- Problem to solve:
All lines from the one with "infsum ?P A" through the last are to be given again exactly as they stand in the data below, and only those.

═════ Material for this task ═════

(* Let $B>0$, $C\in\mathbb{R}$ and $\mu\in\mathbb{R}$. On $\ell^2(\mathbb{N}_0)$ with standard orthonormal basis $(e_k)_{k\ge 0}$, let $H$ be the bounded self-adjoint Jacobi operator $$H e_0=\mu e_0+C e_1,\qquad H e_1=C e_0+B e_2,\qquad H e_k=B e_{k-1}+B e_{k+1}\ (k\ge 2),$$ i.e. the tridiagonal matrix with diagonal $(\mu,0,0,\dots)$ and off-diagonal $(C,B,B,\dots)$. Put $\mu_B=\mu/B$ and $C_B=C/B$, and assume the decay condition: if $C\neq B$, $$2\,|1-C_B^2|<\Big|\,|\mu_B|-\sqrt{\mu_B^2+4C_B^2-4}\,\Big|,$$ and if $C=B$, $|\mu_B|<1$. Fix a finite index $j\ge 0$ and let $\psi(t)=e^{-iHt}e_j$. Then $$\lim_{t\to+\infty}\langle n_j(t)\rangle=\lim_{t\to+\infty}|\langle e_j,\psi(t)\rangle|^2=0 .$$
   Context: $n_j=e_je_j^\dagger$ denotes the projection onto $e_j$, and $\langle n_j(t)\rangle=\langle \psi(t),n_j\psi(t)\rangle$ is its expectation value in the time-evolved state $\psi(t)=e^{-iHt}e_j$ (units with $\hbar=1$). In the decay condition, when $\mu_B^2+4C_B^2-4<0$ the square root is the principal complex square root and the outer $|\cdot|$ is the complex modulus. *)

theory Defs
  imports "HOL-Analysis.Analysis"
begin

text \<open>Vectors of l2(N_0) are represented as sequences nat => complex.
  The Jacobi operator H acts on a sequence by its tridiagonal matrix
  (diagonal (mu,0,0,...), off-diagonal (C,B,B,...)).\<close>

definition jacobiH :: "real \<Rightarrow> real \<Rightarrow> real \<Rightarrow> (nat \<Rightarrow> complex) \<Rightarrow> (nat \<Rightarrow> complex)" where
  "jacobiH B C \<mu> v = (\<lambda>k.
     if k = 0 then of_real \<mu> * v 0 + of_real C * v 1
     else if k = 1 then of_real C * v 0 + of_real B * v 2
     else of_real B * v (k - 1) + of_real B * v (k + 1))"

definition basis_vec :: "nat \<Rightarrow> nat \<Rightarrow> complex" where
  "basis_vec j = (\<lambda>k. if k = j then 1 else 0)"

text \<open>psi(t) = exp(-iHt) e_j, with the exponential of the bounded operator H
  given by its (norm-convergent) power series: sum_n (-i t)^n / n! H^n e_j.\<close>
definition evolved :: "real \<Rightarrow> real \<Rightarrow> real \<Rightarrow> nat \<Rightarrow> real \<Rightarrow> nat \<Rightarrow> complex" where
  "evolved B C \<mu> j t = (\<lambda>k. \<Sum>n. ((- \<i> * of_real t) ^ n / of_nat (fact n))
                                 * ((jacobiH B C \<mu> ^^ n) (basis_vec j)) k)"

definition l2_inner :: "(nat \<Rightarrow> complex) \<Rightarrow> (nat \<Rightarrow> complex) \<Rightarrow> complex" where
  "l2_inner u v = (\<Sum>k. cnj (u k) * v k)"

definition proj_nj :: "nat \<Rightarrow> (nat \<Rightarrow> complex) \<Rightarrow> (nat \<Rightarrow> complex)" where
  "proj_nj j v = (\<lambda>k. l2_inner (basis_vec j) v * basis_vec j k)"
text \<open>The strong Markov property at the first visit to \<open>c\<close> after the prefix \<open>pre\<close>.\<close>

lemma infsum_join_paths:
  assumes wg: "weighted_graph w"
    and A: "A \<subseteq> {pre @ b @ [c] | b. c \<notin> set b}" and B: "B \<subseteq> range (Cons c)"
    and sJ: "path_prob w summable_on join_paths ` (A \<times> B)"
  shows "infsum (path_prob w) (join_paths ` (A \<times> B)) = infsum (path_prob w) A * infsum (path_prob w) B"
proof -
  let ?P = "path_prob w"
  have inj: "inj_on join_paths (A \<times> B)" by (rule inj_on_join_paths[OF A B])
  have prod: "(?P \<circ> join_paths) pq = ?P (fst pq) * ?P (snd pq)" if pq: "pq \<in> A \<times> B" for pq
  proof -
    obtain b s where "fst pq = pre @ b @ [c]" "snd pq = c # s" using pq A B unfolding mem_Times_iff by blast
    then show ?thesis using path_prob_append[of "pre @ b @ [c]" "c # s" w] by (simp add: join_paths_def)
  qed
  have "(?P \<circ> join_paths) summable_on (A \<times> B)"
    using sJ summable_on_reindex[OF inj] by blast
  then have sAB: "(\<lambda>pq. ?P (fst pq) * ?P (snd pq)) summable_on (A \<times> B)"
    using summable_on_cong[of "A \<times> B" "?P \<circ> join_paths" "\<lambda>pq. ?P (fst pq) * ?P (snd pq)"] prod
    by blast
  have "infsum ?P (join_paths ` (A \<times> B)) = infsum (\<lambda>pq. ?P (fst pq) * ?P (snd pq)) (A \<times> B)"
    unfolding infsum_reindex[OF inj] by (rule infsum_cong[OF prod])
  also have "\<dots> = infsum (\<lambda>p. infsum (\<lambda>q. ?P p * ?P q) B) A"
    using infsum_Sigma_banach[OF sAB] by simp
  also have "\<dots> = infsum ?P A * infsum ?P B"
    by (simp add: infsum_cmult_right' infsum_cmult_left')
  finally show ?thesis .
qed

═════

- Reply to the exercise:
  also have "\<dots> = infsum ?P A * infsum ?P B"
    by (simp add: infsum_cmult_right' infsum_cmult_left')
  finally show ?thesis .
qed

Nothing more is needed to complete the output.